Letter from China

I’ve just returned to the U.S. after a week working in Beijing.

Let me reiterate some conventional wisdoms, confirmed by my own observations.

  • Everything you’ve read about China in recent years seems right – and then some. It is fast becoming the powerhouse of the 21st century.    
  • The state is increasingly intrusive and oppressive. Even a tourist can feel it, see it. Every Chinese person with whom I had an honest conversation confirmed the observation. But, so far at least, the Chinese people are willing to trade individual freedom for collective strength and relative prosperity. How long this overriding acquiescence will last is uncertain. But for now it appears entrenched.
  • Xi Jinping is the most powerful single figure in China since Mao. He feels strong enough to have dared in the last year to accrue to himself a level of power and authority typically associated not with authoritarian leaders, but with totalitarian ones.
  • Curiously, for China is anything other than communist in any traditional sense, the ideology of Marxism, Communism, is being vigorously and rigorously revived. Once again, the Chinese Communist Party is becoming the primary instrument of state control.
  • Xi intends to be strongman not only within China, but without. He, the Chinese, have a strategic plan that is far more ambitious than anything Americans can even conceive of. The Chinese are investing heavily in places such as distant Asia and Africa, which within the next decade will bestow on China unrivaled global influence.

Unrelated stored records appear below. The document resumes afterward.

definition separated_block :: "nat \<Rightarrow> nat \<Rightarrow> nat set \<Rightarrow> bool" where
  "separated_block k M Y \<longleftrightarrow> finite Y \<and> Y \<noteq> {} \<and> (\<forall>x\<in>Y. M < x) \<and> (\<forall>x\<in>Y. \<forall>y\<in>Y. x < y \<longrightarrow> k < y - x)"

lemma thin_set_from_blocks:
  fixes g :: "'q \<Rightarrow> nat set" and P :: "nat \<Rightarrow> 'q \<Rightarrow> bool"
  assumes "countable \<A>"
    and blocks: "\<And>k M \<F>. finite \<F> \<Longrightarrow> \<F> \<subseteq> \<A> \<Longrightarrow>
      \<exists>Q. P k Q \<and> separated_block k M (g Q) \<and> g Q \<inter> \<Union>\<F> = {}"
  shows "\<exists>q. (\<forall>k. P k (q k)) \<and> infinite (\<Union>k. g (q k)) \<and> thin (\<Union>k. g (q k)) \<and>
    (\<forall>A\<in>\<A>. finite (A \<inter> (\<Union>k. g (q k))))"
proof -
  define \<F> where "\<F> k = from_nat_into \<A> ` {..k} \<inter> \<A>" for k
  define block where
    "block k M Q \<longleftrightarrow> P k Q \<and> separated_block k M (g Q) \<and> g Q \<inter> \<Union>(\<F> k) = {}" for k M Q
  have block_exists: "\<exists>Q. block k M Q" for k M
    using blocks[of "\<F> k" k M] unfolding block_def \<F>_def by simp
  have block_above: "finite (g Q) \<and> (\<forall>x\<in>g Q. M < x)" if "block k M Q" for k M Q
    using that unfolding block_def separated_block_def by blast
  have "\<exists>q. \<forall>k. (\<exists>M. block k M (q k)) \<and> (\<forall>x\<in>g (q k). \<forall>y\<in>g (q (Suc k)). x + Suc k < y)"
    using block_exists block_above by (rule increasing_blocks_choice)
  then obtain q where q_block: "\<And>k. \<exists>M. block k M (q k)"
    and q_incr: "\<And>k x y. x \<in> g (q k) \<Longrightarrow> y \<in> g (q (Suc k)) \<Longrightarrow> x + Suc k < y"
    by blast
  have P: "P k (q k)" and fin: "finite (g (q k))" and ne: "g (q k) \<noteq> {}"
    and avoid: "g (q k) \<inter> \<Union>(\<F> k) = {}"
    and gaps: "\<And>x y. x \<in> g (q k) \<Longrightarrow> y \<in> g (q k) \<Longrightarrow> x < y \<Longrightarrow> k < y - x" for k
    using q_block[of k] unfolding block_def separated_block_def by blast+
  have "finite (A \<inter> (\<Union>k. g (q k)))" if A: "A \<in> \<A>" for A
  proof -
    obtain i where i: "from_nat_into \<A> i = A" using from_nat_into_surj[OF assms(1) A] by blast
    have "A \<inter> (\<Union>k. g (q k)) \<subseteq> (\<Union>k<i. g (q k))"
    proof
      fix y assume "y \<in> A \<inter> (\<Union>k. g (q k))"
      then obtain k where y: "y \<in> A" "y \<in> g (q k)" by blast
      have "k < i"
      proof (rule ccontr)
        assume "\<not> k < i"
        hence "A \<in> \<F> k" using i A unfolding \<F>_def by force
        thus False using avoid[of k] y by blast
      qed
      thus "y \<in> (\<Union>k<i. g (q k))" using y(2) by blast
    qed
    moreover have "finite (\<Union>k<i. g (q k))" using fin by simp
    ultimately show ?thesis by (rule finite_subset)
  qed
  thus ?thesis using P thin_UN_blocks[of "\<lambda>k. g (q k)", OF fin ne gaps q_incr] by blast
qed

lemma infinite_imp_thin_subset:
  assumes "infinite D"
  shows "\<exists>A\<subseteq>D. infinite A \<and> thin A"
proof -
  have "\<exists>Q. Q \<subseteq> D \<and> separated_block k M Q \<and> Q \<inter> \<Union>\<F> = {}" if "\<F> \<subseteq> {}" for k M \<F>
  proof -
    obtain x where "M < x" "x \<in> D" using assms unfolding infinite_nat_iff_unbounded by blast
    thus ?thesis using that unfolding separated_block_def by (intro exI[of _ "{x}"]) auto
  qed
  from thin_set_from_blocks[of "{}" "\<lambda>k Q. Q \<subseteq> D" "\<lambda>Q. Q", OF countable_empty this]
  obtain q :: "nat \<Rightarrow> nat set" where "\<forall>k. q k \<subseteq> D" "infinite (\<Union>k. q k)" "thin (\<Union>k. q k)"
    by blast
  thus ?thesis by (intro exI[of _ "\<Union>k. q k"]) blast
qed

China Daily is an English language newspaper published in China. It is considered to be state-run.  On one of that days I was in Beijing, January 12, the front-page headline was reminiscent of nothing so much as Pravda, for decades the main state-run rag of the Soviet Union.

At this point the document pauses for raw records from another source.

(* Let $0\le b<1$ and $0<c<1$. Let $(X,L_1,\dots,L_n)$ be jointly distributed with $X$ finitely supported and $L_i\in\{0,1\}$, and let $\pi$ be a collaborating cryptogenography protocol with full transcript $T$. Suppose that for all $i\in\{1,\dots,n\}$ and all $x$ in the support of $X$, $\Pr(L_i=1\mid X=x)=b$, and that $\Pr(L_i=1\mid T=t,X=x)\le c$ for all $i$ and all $(t,x)$ with $\Pr(T=t,X=x)>0$. Then \[ I(X;T)\le \frac{-b\log(1-c)+c\log(1-b)}{c}\,n. \]
   Context: All logarithms are base $2$. Collaborating cryptogenography protocol: there are $n$ players $\mathrm{plr}_1,\dots,\mathrm{plr}_n$; a secret $X$ (finitely supported) and indicators $L_1,\dots,L_n\in\{0,1\}$ ($L_i=1$ means $\mathrm{plr}_i$ knows $X$) have a joint distribution. A protocol $\pi$ specifies, for every possible partial transcript $t^k=(t_1,\dots,t_k)$ (the tuple of the first $k$ messages): whether communication stops; if not, which player $\mathrm{plr}_i$ sends the next message; and probability distributions $p_?$ and $(p_x)_{x}$ on a finite message set (depending on $t^k$). $\mathrm{plr}_i$ draws the next message, with fresh independent randomness, from $p_?$ if $L_i=0$ and from $p_x$ if $L_i=1$ and $X=x$. There is a number $\mathrm{length}(\pi)$ such that the protocol always stops after at most that many messages. $T$ denotes the random full transcript. *)

theory Defs
  imports "HOL-Probability.Probability"
begin

text \<open>On partial transcript t (list of
messages sent so far) it either stops (None) or names the next speaker i together
with the distribution p_? (used if L_i = 0) and the family p_x (used if L_i = 1, X = x).\<close>
type_synonym ('x, 'm) protocol = "'m list \<Rightarrow> (nat \<times> 'm pmf \<times> ('x \<Rightarrow> 'm pmf)) option"

text \<open>Run the protocol from partial transcript t with at most k further messages,
for secret x and knowledge indicators l (l i = True means player i knows X).\<close>
fun run_protocol :: "('x, 'm) protocol \<Rightarrow> 'x \<Rightarrow> (nat \<Rightarrow> bool) \<Rightarrow> nat \<Rightarrow> 'm list \<Rightarrow> 'm list pmf" where
  "run_protocol \<pi> x l 0 t = return_pmf t"
| "run_protocol \<pi> x l (Suc k) t =
     (case \<pi> t of
        None \<Rightarrow> return_pmf t
      | Some (i, pq, px) \<Rightarrow>
          bind_pmf (if l i then px x else pq) (\<lambda>m. run_protocol \<pi> x l k (t @ [m])))"

definition joint_XLT :: "('x \<times> (nat \<Rightarrow> bool)) pmf \<Rightarrow> ('x, 'm) protocol \<Rightarrow> nat
    \<Rightarrow> ('x \<times> (nat \<Rightarrow> bool) \<times> 'm list) pmf" where
  "joint_XLT D \<pi> N = bind_pmf D (\<lambda>(x, l). map_pmf (\<lambda>t. (x, l, t)) (run_protocol \<pi> x l N []))"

The headline read, Xi Urges Strict Party Discipline. The text that followed, reprinted here in part, speaks for itself:

Highlighting the importance of governing the Party with strict discipline, Xi required the whole Party to maintain the authority and unified leadership of the CPC Central Committee, intensify the fight against corruption, and strive for a better “political ecology” in the party.

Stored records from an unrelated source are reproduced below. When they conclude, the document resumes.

lemma SI_copula_kernel_copula:
  assumes bounded: "\<And>v t. 0 < v \<Longrightarrow> v < 1 \<Longrightarrow> t \<in> {0..1} \<Longrightarrow> 0 \<le> k v t \<and> k v t \<le> 1"
    and antimono: "\<And>v s t. 0 < v \<Longrightarrow> v < 1 \<Longrightarrow> 0 < s \<Longrightarrow> s \<le> t \<Longrightarrow> t < 1 \<Longrightarrow> k v t \<le> k v s"
    and mono: "\<And>v w t. 0 < v \<Longrightarrow> v \<le> w \<Longrightarrow> w < 1 \<Longrightarrow> t \<in> {0..1} \<Longrightarrow> k v t \<le> k w t"
    and total: "\<And>v. 0 < v \<Longrightarrow> v < 1 \<Longrightarrow> (k v has_integral v) {0..1}"
  shows "SI_copula (kernel_copula k)"
proof -
  let ?C = "kernel_copula k"
  have k_int: "k v integrable_on {u1..u2}" if "0 < v" "v < 1" "0 \<le> u1" "u2 \<le> 1" for v u1 u2
    using integrable_on_subinterval[of "k v" "{0..1}"] total[OF that(1,2)] that(3,4) by auto
  have increment: "?C v u2 - ?C v u1 = integral {u1..u2} (k v)"
    if "0 < v" "v < 1" "0 \<le> u1" "u1 \<le> u2" "u2 \<le> 1" for v u1 u2
    using Henstock_Kurzweil_Integration.integral_combine[of 0 u1 u2 "k v"] k_int[of v 0 u2] that
    by (simp add: kernel_copula_def)
  have increment_bounds: "0 \<le> ?C v u2 - ?C v u1 \<and> ?C v u2 - ?C v u1 \<le> u2 - u1"
    if "0 \<le> v" "v \<le> 1" "0 \<le> u1" "u1 \<le> u2" "u2 \<le> 1" for v u1 u2
  proof (cases "v = 0 \<or> v = 1")
    case False
    then have "0 < v" "v < 1" using that by auto
    then show ?thesis
      using integral_nonneg[of "k v" "{u1..u2}"] integral_le[of "k v" "{u1..u2}" "\<lambda>_. 1"]
        increment[of v u1 u2] k_int[of v u1 u2] bounded that by auto
  qed (use that in \<open>auto simp: kernel_copula_def\<close>)
  have increment_mono: "?C v u2 - ?C v u1 \<le> ?C w u2 - ?C w u1"
    if "0 \<le> v" "v \<le> w" "w \<le> 1" "0 \<le> u1" "u1 \<le> u2" "u2 \<le> 1" for v w u1 u2
  proof (cases "v = 0 \<or> w = 1")
    case True
    then show ?thesis
      using increment_bounds[of v u1 u2] increment_bounds[of w u1 u2] that
      by (auto simp: kernel_copula_def)
  next
    case False
    then have "0 < v" "w < 1" using that by auto
    then show ?thesis
      using increment[of v u1 u2] increment[of w u1 u2] that
        integral_le[of "k v" "{u1..u2}" "k w"] k_int[of v u1 u2] k_int[of w u1 u2] mono[of v w]
      by auto
  qed
  have margins: "?C u 0 = 0 \<and> ?C 0 u = 0 \<and> ?C u 1 = u \<and> ?C 1 u = u" if "u \<in> {0..1}" for u
    using that total[of u] by (auto simp: kernel_copula_def integral_unique)
  have "copula ?C"
    unfolding copula_def
  proof (intro conjI ballI allI impI)
    fix u1 u2 v1 v2 :: real
    assume "0 \<le> u1 \<and> u1 \<le> u2 \<and> u2 \<le> 1 \<and> 0 \<le> v1 \<and> v1 \<le> v2 \<and> v2 \<le> 1"
    then show "?C u2 v2 - ?C u2 v1 - ?C u1 v2 + ?C u1 v1 \<ge> 0"
      using increment_mono[of u1 u2 v1 v2] by linarith
  qed (use margins in blast)+
  moreover have "concave_on {0..1} (?C v)" if "v \<in> {0..1}" for v
  proof (cases "v = 0 \<or> v = 1")
    case True
    then show ?thesis
      by (auto simp: kernel_copula_def[abs_def] concave_on_const concave_on_ident)
  next
    case False
    then have "0 < v" "v < 1" using that by auto
    then have "?C v = (\<lambda>u. integral {0..u} (k v))"
      by (simp add: kernel_copula_def fun_eq_iff)
    then show ?thesis
      using concave_on_integral_antimono[OF k_int[of v 0 1]] antimono \<open>0 < v\<close> \<open>v < 1\<close>
      by simp
  qed
  ultimately show ?thesis
    by (simp add: SI_copula_def)
qed

lemma T_op_eq_integral_min_deriv:
  "T_op C u v = integral {0..1} (\<lambda>t. min (deriv (C u) t) v)"
proof -
  have "deriv (indep_copula v) t = v" for t
    unfolding indep_copula_def by (rule DERIV_imp_deriv) (auto intro!: derivative_eq_intros)
  then show ?thesis
    by (simp add: T_op_def copula_join_def partial2_def)
qed

lemma T_op_kernel_copula:
  assumes antimono: "\<And>v s t. 0 < v \<Longrightarrow> v < 1 \<Longrightarrow> 0 < s \<Longrightarrow> s \<le> t \<Longrightarrow> t < 1 \<Longrightarrow> k v t \<le> k v s"
    and integrable: "\<And>v. 0 < v \<Longrightarrow> v < 1 \<Longrightarrow> k v integrable_on {0..1}"
    and min_identity: "\<And>u v. 0 < u \<Longrightarrow> u < 1 \<Longrightarrow> 0 \<le> v \<Longrightarrow> v \<le> 1 \<Longrightarrow>
           integral {0..1} (\<lambda>t. min (k u t) v) = integral {0..v} (k u)"
    and u: "u \<in> {0..1}" and v: "v \<in> {0..1}"
  shows "T_op (kernel_copula k) u v = kernel_copula k u v"
proof (cases "u = 0 \<or> u = 1")
  case True
  then have "kernel_copula k u = (if u = 0 then (\<lambda>_. 0) else (\<lambda>s. s))"
    by (auto simp: kernel_copula_def fun_eq_iff)
  then show ?thesis
    using True v by (auto simp: T_op_eq_integral_min_deriv kernel_copula_def)
next
  case False
  then have "0 < u" "u < 1" using u by auto
  then have C_u: "kernel_copula k u = (\<lambda>s. integral {0..s} (k u))"
    by (simp add: kernel_copula_def fun_eq_iff)
  obtain N where "negligible N" and deriv_eq: "\<And>t. t \<in> {0..1} - N \<Longrightarrow> deriv (kernel_copula k u) t = k u t"
    using deriv_integral_antimono_ae[OF integrable[OF \<open>0 < u\<close> \<open>u < 1\<close>]] antimono \<open>0 < u\<close> \<open>u < 1\<close>
    unfolding C_u by metis
  have "T_op (kernel_copula k) u v = integral {0..1} (\<lambda>t. min (k u t) v)"
    unfolding T_op_eq_integral_min_deriv
    by (rule integral_spike[OF \<open>negligible N\<close>]) (simp add: deriv_eq)
  also have "\<dots> = kernel_copula k u v"
    using min_identity[of u v] \<open>0 < u\<close> \<open>u < 1\<close> v by (simp add: C_u)
  finally show ?thesis .
qed

theorem mainTheorem14:
  fixes M :: "real measure" and F G :: "real \<Rightarrow> real"
    and k :: "real \<Rightarrow> real \<Rightarrow> real" and C :: "real \<Rightarrow> real \<Rightarrow> real"
  assumes "real_distribution M"
    and F_def: "F = cdf M"
    and F_cont: "continuous_on UNIV F"
    and G_def: "G = cdf (M \<star> M)"
    and k_def: "\<And>v t. k v t = F (quantile G v - quantile F t)"
    and C_def: "\<And>v u. C v u = (if v \<le> 0 then 0 else if 1 \<le> v then u
                                   else integral {0..u} (k v))"
  shows "SI_copula C \<and> (\<forall>u\<in>{0..1}. \<forall>v\<in>{0..1}. T_op C u v = C u v)"
proof -
  interpret real_distribution M by fact
  note distM = \<open>real_distribution M\<close> and contM = F_cont[unfolded F_def]
  note distMM = real_distribution_convolution[OF distM distM]
  have C_eq: "C = kernel_copula k"
    by (simp add: C_def kernel_copula_def fun_eq_iff)
  have k_eq: "k v = (\<lambda>t. cdf M (quantile G v - quantile (cdf M) t))" for v
    by (simp add: k_def F_def fun_eq_iff)
  have bounded: "0 \<le> k v t \<and> k v t \<le> 1" for v t
    by (simp add: k_eq cdf_nonneg cdf_bounded_prob)
  have antimono: "k v t \<le> k v s" if "0 < s" "s \<le> t" "t < 1" for v s t
    unfolding k_eq by (intro cdf_nondecreasing diff_left_mono quantile_mono[OF distM that])
  have mono: "k v t \<le> k w t" if "0 < v" "v \<le> w" "w < 1" for v w t
    unfolding k_eq G_def by (intro cdf_nondecreasing diff_right_mono quantile_mono[OF distMM that])
  have total: "(k v has_integral v) {0..1}" if "0 < v" "v < 1" for v
    using has_integral_cdf_minus_quantile[OF distM distM, of "quantile G v"]
      cdf_quantile[OF distMM continuous_cdf_convolution[OF distM distM contM] that]
    by (simp add: k_eq G_def)
  have min_identity: "integral {0..1} (\<lambda>t. min (k u t) v) = integral {0..v} (k u)"
    if "0 \<le> v" "v \<le> 1" for u v
    unfolding k_eq by (rule integral_min_cdf_minus_quantile[OF distM contM that])
  show ?thesis
    unfolding C_eq using bounded antimono mono total total[THEN has_integral_integrable] min_identity
    by (auto intro!: SI_copula_kernel_copula T_op_kernel_copula)
qed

It is a must to uphold and enhance the Party’s comprehensive leadership in the process of governing the party with strict discipline, Xi said, adding that it is fundamental to maintain the authority and unified leadership of the CPC Central Committee.      

The Party should focus on capacity-building for its long-term governance and the building of its progressiveness and purity to ensure that the CPC becomes a Marxist political party that always walks in front of the times, supported by the people brave for self-revolution and standing the test of all challenges, Xi said.